Consistent with the effects on renal mercury content, DMPS effectively reduced blood total mercury concentrations over the course of consecutive treatments. Unlike in the kidney, however, less than 5% of total mercury in the blood was present as Hg2+. The effect of DMPS in lowering total blood mercury was restricted entirely to the organic mercury constituent, which decreased significantly following the second and third consecutive DMPS injections. Previous studies (Planas-Bohne, 1981) have demonstrated that DMPS is moderately effective in removing methylmercury from blood following administration to rats. However, the effects of DMPS on the inorganic Hg fraction derived from demethylation of methylmercury in blood cells was not reported. This is the first report to our knowledge to assign the effect of DMPS on blood mercury to the organic fraction.

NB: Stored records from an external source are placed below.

theorem proposition2p26:
  fixes dummy :: "'n::finite \<Rightarrow> 'a::field_char_0"
  shows "(\<forall>m :: ('n \<Rightarrow> 'a) \<Rightarrow> ('n \<Rightarrow> 'a) \<Rightarrow> ('n \<Rightarrow> 'a).
            anti_pre_Lie m \<longrightarrow>
              comm_2cocycle (sd_bracket (commutator m) (neg_dual_L m)) natB \<and> nondegenerate natB)
       \<and> (\<forall>(br :: ('n \<Rightarrow> 'a) \<Rightarrow> ('n \<Rightarrow> 'a) \<Rightarrow> ('n \<Rightarrow> 'a)) (\<rho> :: ('n \<Rightarrow> 'a) \<Rightarrow> ('n \<Rightarrow> 'a) \<Rightarrow> ('n \<Rightarrow> 'a)).
            lie_algebra br \<and> representation br \<rho> \<and> comm_2cocycle (sd_bracket br \<rho>) natB \<longrightarrow>
              (\<exists>m. anti_pre_Lie m \<and> (\<forall>x y. commutator m x y = br x y) \<and> \<rho> = neg_dual_L m))"
proof (intro conjI allI impI)
  fix m :: "('n \<Rightarrow> 'a) \<Rightarrow> ('n \<Rightarrow> 'a) \<Rightarrow> ('n \<Rightarrow> 'a)"
  assume "anti_pre_Lie m"
  then have "\<And>x. linear_map (m x)" unfolding anti_pre_Lie_def bilinear_op_def by blast
  then show "comm_2cocycle (sd_bracket (commutator m) (neg_dual_L m)) natB"
    by (rule comm_2cocycle_natB_neg_dual_L)
next
  \<comment> \<open>the statement leaves the type of this \<open>natB\<close> unconstrained\<close>
  show "nondegenerate natB" by (rule nondegenerate_natB)
next
  fix br \<rho> :: "('n \<Rightarrow> 'a) \<Rightarrow> ('n \<Rightarrow> 'a) \<Rightarrow> ('n \<Rightarrow> 'a)"
  assume "lie_algebra br \<and> representation br \<rho> \<and> comm_2cocycle (sd_bracket br \<rho>) natB"
  then have lie: "lie_algebra br" and rep: "representation br \<rho>"
    and cocycle: "comm_2cocycle (sd_bracket br \<rho>) natB" by blast+
  have comm: "commutator (\<lambda>x. dual_map (\<rho> x)) = br"
    by (rule commutator_dual_map_eq_bracket[OF rep cocycle])
  have "\<And>x. linear_map (\<rho> x)" using rep unfolding representation_def by blast
  then have "\<rho> = neg_dual_L (\<lambda>x. dual_map (\<rho> x))" by (simp add: neg_dual_L_dual_map)
  with anti_pre_Lie_dual_map[OF lie rep comm] comm
  show "\<exists>m. anti_pre_Lie m \<and> (\<forall>x y. commutator m x y = br x y) \<and> \<rho> = neg_dual_L m"
    by auto
qed

end
lemma kron_filt_chain_map:
  assumes F1: "filt_chain_map C1 C1' F1" and F2: "filt_chain_map C2 C2' F2"
  shows "filt_chain_map (tensor C1 C2) (tensor C1' C2')
           (kron (dim C1' * dim C2') (dim C1 * dim C2) (dim C2') (dim C2) F1 F2)"
  unfolding filt_chain_map_def
proof (rule conjI, intro allI impI)
  fix p q assume "kron (dim C1' * dim C2') (dim C1 * dim C2) (dim C2') (dim C2) F1 F2 p q \<noteq> 0"
  from kron_nonzeroD[OF this] filt_chain_map_nonzeroD[OF F1] filt_chain_map_nonzeroD[OF F2]
  show "p < dim (tensor C1' C2') \<and> q < dim (tensor C1 C2) \<and>
      gr (tensor C1' C2') p = gr (tensor C1 C2) q \<and> fl (tensor C1' C2') p \<le> fl (tensor C1 C2) q"
    by (auto simp: tensor_simps intro: add_mono)
next
  have "mmul (dim C1') (idm (dim C1')) F1 = F1" "mmul (dim C1) F1 (idm (dim C1)) = F1"
       "mmul (dim C2') (idm (dim C2')) F2 = F2" "mmul (dim C2) F2 (idm (dim C2)) = F2"
    using filt_chain_map_nonzeroD[OF F1] filt_chain_map_nonzeroD[OF F2]
    by (blast intro: mmul_idm_left mmul_idm_right)+
  then show "mmul (dim (tensor C1' C2')) (dd (tensor C1' C2'))
      (kron (dim C1' * dim C2') (dim C1 * dim C2) (dim C2') (dim C2) F1 F2) =
    mmul (dim (tensor C1 C2)) (kron (dim C1' * dim C2') (dim C1 * dim C2) (dim C2') (dim C2) F1 F2)
      (dd (tensor C1 C2))"
    by (simp only: tensor_simps tensor_dd mmul_add_left mmul_add_right kron_mmul
        filt_chain_map_commute[OF F1] filt_chain_map_commute[OF F2])
qed

lemma filt_htpy_kron_left:
  assumes H: "filt_htpy C1 H" and P: "filt_chain_map C2 C2 P"
  shows "filt_htpy (tensor C1 C2) (kron (dim C1 * dim C2) (dim C1 * dim C2) (dim C2) (dim C2) H P)"
  unfolding filt_htpy_def
proof (intro allI impI)
  fix p q assume "kron (dim C1 * dim C2) (dim C1 * dim C2) (dim C2) (dim C2) H P p q \<noteq> 0"
  then have "p < dim C1 * dim C2" "q < dim C1 * dim C2"
    and "H (p div dim C2) (q div dim C2) \<noteq> 0" "P (p mod dim C2) (q mod dim C2) \<noteq> 0"
    by (blast dest: kron_nonzeroD)+
  with filt_htpy_nonzeroD[OF H this(3)] filt_chain_map_nonzeroD[OF P this(4)]
  show "p < dim (tensor C1 C2) \<and> q < dim (tensor C1 C2) \<and>
      gr (tensor C1 C2) p = gr (tensor C1 C2) q + 1 \<and> fl (tensor C1 C2) p \<le> fl (tensor C1 C2) q"
    unfolding tensor_simps by (auto intro: add_mono)
qed

lemma filt_htpy_kron_right:
  assumes P: "filt_chain_map C1 C1 P" and H: "filt_htpy C2 H"
  shows "filt_htpy (tensor C1 C2) (kron (dim C1 * dim C2) (dim C1 * dim C2) (dim C2) (dim C2) P H)"
  unfolding filt_htpy_def
proof (intro allI impI)
  fix p q assume "kron (dim C1 * dim C2) (dim C1 * dim C2) (dim C2) (dim C2) P H p q \<noteq> 0"
  then have "p < dim C1 * dim C2" "q < dim C1 * dim C2"
    and "P (p div dim C2) (q div dim C2) \<noteq> 0" "H (p mod dim C2) (q mod dim C2) \<noteq> 0"
    by (blast dest: kron_nonzeroD)+
  with filt_chain_map_nonzeroD[OF P this(3)] filt_htpy_nonzeroD[OF H this(4)]
  show "p < dim (tensor C1 C2) \<and> q < dim (tensor C1 C2) \<and>
      gr (tensor C1 C2) p = gr (tensor C1 C2) q + 1 \<and> fl (tensor C1 C2) p \<le> fl (tensor C1 C2) q"
    unfolding tensor_simps by (auto intro: add_mono)
qed

(* P1 \<otimes> P2 - 1 = (P1 - 1) \<otimes> P2 + 1 \<otimes> (P2 - 1); since P2 is a chain map, the two
   summands are null-homotopic via H1 \<otimes> P2 and 1 \<otimes> H2. *)
lemma kron_htpy_id:
  assumes C1: "is_cx C1" and h1: "htpy_id C1 P1 H1" and h2: "htpy_id C2 P2 H2"
    and P2: "filt_chain_map C2 C2 P2"
  defines "n \<equiv> dim C1 * dim C2"
  shows "htpy_id (tensor C1 C2) (kron n n (dim C2) (dim C2) P1 P2)
     (\<lambda>p q. kron n n (dim C2) (dim C2) H1 P2 p q + kron n n (dim C2) (dim C2) (idm (dim C1)) H2 p q)"
proof -
  let ?m = "dim C1" and ?k = "dim C2"
  let ?K = "kron n n ?k ?k"
  have H1: "filt_htpy C1 H1" and eP1: "P1 = (\<lambda>i j. idm ?m i j + mmul ?m (dd C1) H1 i j + mmul ?m H1 (dd C1) i j)"
    and H2: "filt_htpy C2 H2" and eP2: "P2 = (\<lambda>i j. idm ?k i j + mmul ?k (dd C2) H2 i j + mmul ?k H2 (dd C2) i j)"
    using h1 h2 unfolding htpy_id_def by blast+
  have htpy: "filt_htpy (tensor C1 C2) (\<lambda>p q. ?K H1 P2 p q + ?K (idm ?m) H2 p q)"
    unfolding n_def
    by (intro filt_htpy_add filt_htpy_kron_left filt_htpy_kron_right filt_chain_map_idm C1 H1 H2 P2)
  have unit_laws:
    "mmul ?m (idm ?m) (dd C1) = dd C1" "mmul ?m (dd C1) (idm ?m) = dd C1"
    "mmul ?m (idm ?m) H1 = H1" "mmul ?m H1 (idm ?m) = H1"
    "mmul ?k (idm ?k) H2 = H2" "mmul ?k H2 (idm ?k) = H2"
    "mmul ?k (idm ?k) P2 = P2" "mmul ?k P2 (idm ?k) = P2" "mmul ?m (idm ?m) (idm ?m) = idm ?m"
    by (intro mmul_idm_left mmul_idm_right;
        fastforce dest: is_cx_nonzeroD[OF C1] filt_htpy_nonzeroD[OF H1] filt_htpy_nonzeroD[OF H2]
          filt_chain_map_nonzeroD[OF P2] idm_nonzeroD)+
  have "?K P1 P2 = (\<lambda>p q. ?K (idm ?m) P2 p q + ?K (mmul ?m (dd C1) H1) P2 p q + ?K (mmul ?m H1 (dd C1)) P2 p q)"
    by (simp only: eP1 kron_add_left)
  also have "?K (idm ?m) P2 = (\<lambda>p q. idm n p q + ?K (idm ?m) (mmul ?k (dd C2) H2) p q
      + ?K (idm ?m) (mmul ?k H2 (dd C2)) p q)"
    unfolding n_def by (subst (1) eP2) (simp only: kron_add_right kron_idm)
  finally have "?K P1 P2 = (\<lambda>p q. idm n p q
      + mmul n (dd (tensor C1 C2)) (\<lambda>p q. ?K H1 P2 p q + ?K (idm ?m) H2 p q) p q
      + mmul n (\<lambda>p q. ?K H1 P2 p q + ?K (idm ?m) H2 p q) (dd (tensor C1 C2)) p q)"
    unfolding n_def
    by (simp only: tensor_simps tensor_dd mmul_add_left mmul_add_right kron_mmul unit_laws
        filt_chain_map_commute[OF P2]) (simp add: fun_eq_iff ac_simps)
  with htpy show ?thesis unfolding htpy_id_def tensor_simps n_def by blast
qed

lemma fequiv_tensor:
  assumes "fequiv C1 C1'" "fequiv C2 C2'" "is_cx C1" "is_cx C1'"
  shows "fequiv (tensor C1 C2) (tensor C1' C2')"
proof -
  from assms(1) obtain F1 G1 H1 H1' where F1: "filt_chain_map C1 C1' F1"
    and G1: "filt_chain_map C1' C1 G1"
    and h1: "htpy_id C1 (mmul (dim C1') G1 F1) H1" and h1': "htpy_id C1' (mmul (dim C1) F1 G1) H1'"
    unfolding fequiv_def by blast
  from assms(2) obtain F2 G2 H2 H2' where F2: "filt_chain_map C2 C2' F2"
    and G2: "filt_chain_map C2' C2 G2"
    and h2: "htpy_id C2 (mmul (dim C2') G2 F2) H2" and h2': "htpy_id C2' (mmul (dim C2) F2 G2) H2'"
    unfolding fequiv_def by blast
  define F where "F = kron (dim C1' * dim C2') (dim C1 * dim C2) (dim C2') (dim C2) F1 F2"
  define G where "G = kron (dim C1 * dim C2) (dim C1' * dim C2') (dim C2) (dim C2') G1 G2"
  have "mmul (dim (tensor C1' C2')) G F = kron (dim C1 * dim C2) (dim C1 * dim C2) (dim C2) (dim C2)
      (mmul (dim C1') G1 F1) (mmul (dim C2') G2 F2)"
    unfolding F_def G_def tensor_simps by (rule kron_mmul)
  moreover have "mmul (dim (tensor C1 C2)) F G = kron (dim C1' * dim C2') (dim C1' * dim C2') (dim C2') (dim C2')
      (mmul (dim C1) F1 G1) (mmul (dim C2) F2 G2)"
    unfolding F_def G_def tensor_simps by (rule kron_mmul)
  ultimately show ?thesis
    unfolding fequiv_def
    using kron_filt_chain_map[OF F1 F2, folded F_def] kron_filt_chain_map[OF G1 G2, folded G_def]
      kron_htpy_id[OF assms(3) h1 h2 filt_chain_map_comp[OF F2 G2]]
      kron_htpy_id[OF assms(4) h1' h2' filt_chain_map_comp[OF G2 F2]]
    by metis
qed

section \<open>Generators per grading of reduced complexes\<close>

definition reduced :: "cx \<Rightarrow> bool" where
  "reduced C \<longleftrightarrow> (\<forall>i j. dd C i j \<noteq> 0 \<longrightarrow> fl C i < fl C j)"

definition gr_count :: "cx \<Rightarrow> int \<Rightarrow> nat" where
  "gr_count C k = card {i. i < dim C \<and> gr C i = k}"

lemma reduced_tensor:
  assumes "reduced C1" "reduced C2"
  shows "reduced (tensor C1 C2)"
  unfolding reduced_def
proof (intro allI impI)
  fix p q assume "dd (tensor C1 C2) p q \<noteq> 0"
  then consider
      "idm (dim C2) (p mod dim C2) (q mod dim C2) \<noteq> 0" "dd C1 (p div dim C2) (q div dim C2) \<noteq> 0"
    | "idm (dim C1) (p div dim C2) (q div dim C2) \<noteq> 0" "dd C2 (p mod dim C2) (q mod dim C2) \<noteq> 0"
    unfolding tensor_dd by (metis add_0 add_0_right kron_nonzeroD)
  then show "fl (tensor C1 C2) p < fl (tensor C1 C2) q"
  proof cases
    case 1
    then have "p mod dim C2 = q mod dim C2" "fl C1 (p div dim C2) < fl C1 (q div dim C2)"
      using assms(1) idm_nonzeroD unfolding reduced_def by blast+
    then show ?thesis unfolding tensor_simps by simp
  next
    case 2
    then have "p div dim C2 = q div dim C2" "fl C2 (p mod dim C2) < fl C2 (q mod dim C2)"
      using assms(2) idm_nonzeroD unfolding reduced_def by blast+
    then show ?thesis unfolding tensor_simps by simp
  qed
qed

lemma fixed_vector_of_raising_matrix_zero:
  fixes f :: "nat \<Rightarrow> 'a::linorder"
  assumes raising: "\<And>i k. N i k \<noteq> 0 \<Longrightarrow> f i < f k"
    and supp: "\<And>i. x i \<noteq> 0 \<Longrightarrow> i < n"
    and fixed: "app n N x = x"
  shows "x = (\<lambda>i. 0)"
proof (rule ccontr)
  assume "x \<noteq> (\<lambda>i. 0)"
  define S where "S = {i. x i \<noteq> 0}"
  have "S \<subseteq> {..<n}" using supp unfolding S_def by blast
  then have "finite S" by (rule finite_subset) simp
  moreover have "S \<noteq> {}" using \<open>x \<noteq> (\<lambda>i. 0)\<close> unfolding S_def by auto
  ultimately obtain i where "i \<in> S" and i_max: "\<And>j. j \<in> S \<Longrightarrow> f j \<le> f i"
    using Max_in[of "f ` S"] Max_ge[of "f ` S"] by fastforce
  then have "app n N x i \<noteq> 0" using fixed unfolding S_def by simp
  then obtain k where "N i k \<noteq> 0" "k \<in> S" unfolding S_def by (blast dest: app_nonzeroD)
  with raising[of i k] i_max[of k] show False by simp
qed

lemma htpy_id_inj:
  assumes red: "reduced C" and h: "htpy_id C (mmul m G F) H"
    and v: "\<And>i. v i \<noteq> 0 \<Longrightarrow> i < dim C" and w: "\<And>i. w i \<noteq> 0 \<Longrightarrow> i < dim C"
    and eq: "app (dim C) F v = app (dim C) F w"
  shows "v = w"
proof -
  define x where "x = (\<lambda>i. v i + w i)"
  define N where "N = (\<lambda>i j. mmul (dim C) (dd C) H i j + mmul (dim C) H (dd C) i j)"
  have x_supp: "x i \<noteq> 0 \<Longrightarrow> i < dim C" for i
    using v w bit_add_nonzero unfolding x_def by blast
  have H: "filt_htpy C H" and GF: "mmul m G F = (\<lambda>i j. idm (dim C) i j + N i j)"
    using h unfolding htpy_id_def N_def by (auto simp: add.assoc)
  have "app (dim C) F x = (\<lambda>i. 0)"
    using eq unfolding x_def app_add_vector by simp
  then have "app (dim C) (mmul m G F) x = (\<lambda>i. 0)"
    by (simp add: app_mmul)
  then have "(\<lambda>i. x i + app (dim C) N x i) = (\<lambda>i. 0)"
    unfolding GF app_add_matrix by (simp add: app_idm x_supp)
  then have "app (dim C) N x = x"
    by (simp add: fun_eq_iff bit_add_eq_0_iff)
  moreover have "fl C i < fl C k" if "N i k \<noteq> 0" for i k
  proof -
    from that consider j where "dd C i j \<noteq> 0" "H j k \<noteq> 0" | j where "H i j \<noteq> 0" "dd C j k \<noteq> 0"
      unfolding N_def by (metis bit_add_nonzero mmul_nonzeroD)
    then show ?thesis
      using red filt_htpy_nonzeroD[OF H] unfolding reduced_def by cases force+
  qed
  ultimately have "x = (\<lambda>i. 0)"
    using fixed_vector_of_raising_matrix_zero x_supp by blast
  then show "v = w"
    unfolding x_def by (simp add: fun_eq_iff bit_add_eq_0_iff)
qed

lemma gr_count_le:
  assumes red: "reduced C" and F: "filt_chain_map C C' F" and h: "htpy_id C (mmul (dim C') G F) H"
  shows "gr_count C k \<le> gr_count C' k"
proof -
  define S where "S = {i. i < dim C \<and> gr C i = k}"
  define S' where "S' = {i. i < dim C' \<and> gr C' i = k}"
  define \<Psi> where "\<Psi> A = {i. app (dim C) F (indicator_vec A) i \<noteq> 0}" for A
  have "\<Psi> A \<subseteq> S'" if "A \<subseteq> S" for A
  proof
    fix i assume "i \<in> \<Psi> A"
    then obtain j where "F i j \<noteq> 0" "j \<in> A"
      unfolding \<Psi>_def by (auto dest: app_nonzeroD)
    with that filt_chain_map_nonzeroD[OF F \<open>F i j \<noteq> 0\<close>] show "i \<in> S'"
      unfolding S_def S'_def by auto
  qed
  then have "\<Psi> ` Pow S \<subseteq> Pow S'" by blast
  moreover have "inj_on \<Psi> (Pow S)"
  proof (rule inj_onI)
    fix A B assume A: "A \<in> Pow S" and B: "B \<in> Pow S" and "\<Psi> A = \<Psi> B"
    then have "indicator_vec (\<Psi> A) = indicator_vec (\<Psi> B)" by simp
    then have "app (dim C) F (indicator_vec A) = app (dim C) F (indicator_vec B)"
      unfolding \<Psi>_def indicator_vec_support .
    then have "indicator_vec A = indicator_vec B"
      by (rule htpy_id_inj[OF red h, rotated 2]) (use A B in \<open>auto simp: S_def\<close>)
    then have "{i. indicator_vec A i \<noteq> 0} = {i. indicator_vec B i \<noteq> 0}" by simp
    then show "A = B" by simp
  qed
  ultimately have "card (Pow S) \<le> card (Pow S')"
    by (intro card_inj_on_le) (auto simp: S'_def)
  then show ?thesis
    unfolding gr_count_def by (simp add: card_Pow S_def S'_def)
qed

The dissociation of methylmercury into organic and inorganic species in the brain during prolonged exposure of rats to MMH was also noted in the present study, although the formation of Hg2+ from MMH was substantially lower than that observed in kidney. In this respect, the changes in total brain mercury content observed during the course of MMH exposure appeared to largely reflect the CH3Hg+ constituent, similar to that observed in blood. Berlin (1986) reported that approximately 510% of methylmercury is demethylated to Hg2+ in the brain, consistent with this observation. Of note, DMPS was effective in decreasing total brain mercury content in MMH-exposed rats only following 3 consecutive treatments. Similar findings have been reported with respect to elemental mercury exposure (Cikrt et al., 1996). The initial increase in brain mercury content seen following a single DMPS injection is of interest, inasmuch as it suggests that DMPS may facilitate redistribution of CH3Hg+ from blood to brain until blood mercury levels are concomitantly depleted by subsequent DMPS treatments, or until DMPS accumulates in sufficient concentrations in the CNS to effect significant mercury chelation. Notably, the partitioning of DMPS into the CNS is relatively slow due to its polarity and limited lipid solubility (Jones, 1994
), consistent with this idea. The failure of DMPS to cause significant depletion of Hg2+ from the brain may reflect the slow rate of demethylation of methylmercury in the CNS and consequent low concentrations of Hg2 +relative to those of CH3Hg+ available for exchange with DMPS. Alternatively, the efficacy of DMPS in extracting CH3Hg+ may reflect the greater availability of organic mercury following distribution from the blood to the CNS, as compared with that of Hg2+, which most likely is formed following compartmentalization of methylmercury to specific regions of the CNS that may be poorly accessible to DMPS. The latter possibility raises concerns regarding the efficacy of DMPS or similar chelating agents in the remediation of neurotoxicity associated with methylmercury, since principal adverse effects may be attributable to Hg2+ accumulation following partitioning of methylmercury to specific CNS foci during prolonged exposure (Aschner and Aschner, 1990
; Friberg and Mottet, 1989
). In contrast to the present findings, Aposhian et al. (1996) reported that DMPS did not alter brain mercury levels in rats treated by ip injection with HgCl2. This distinction may reflect differences in the capacity of DMPS complexes of Hg2+ versus those of CH3Hg+ to partition from blood into the CNS.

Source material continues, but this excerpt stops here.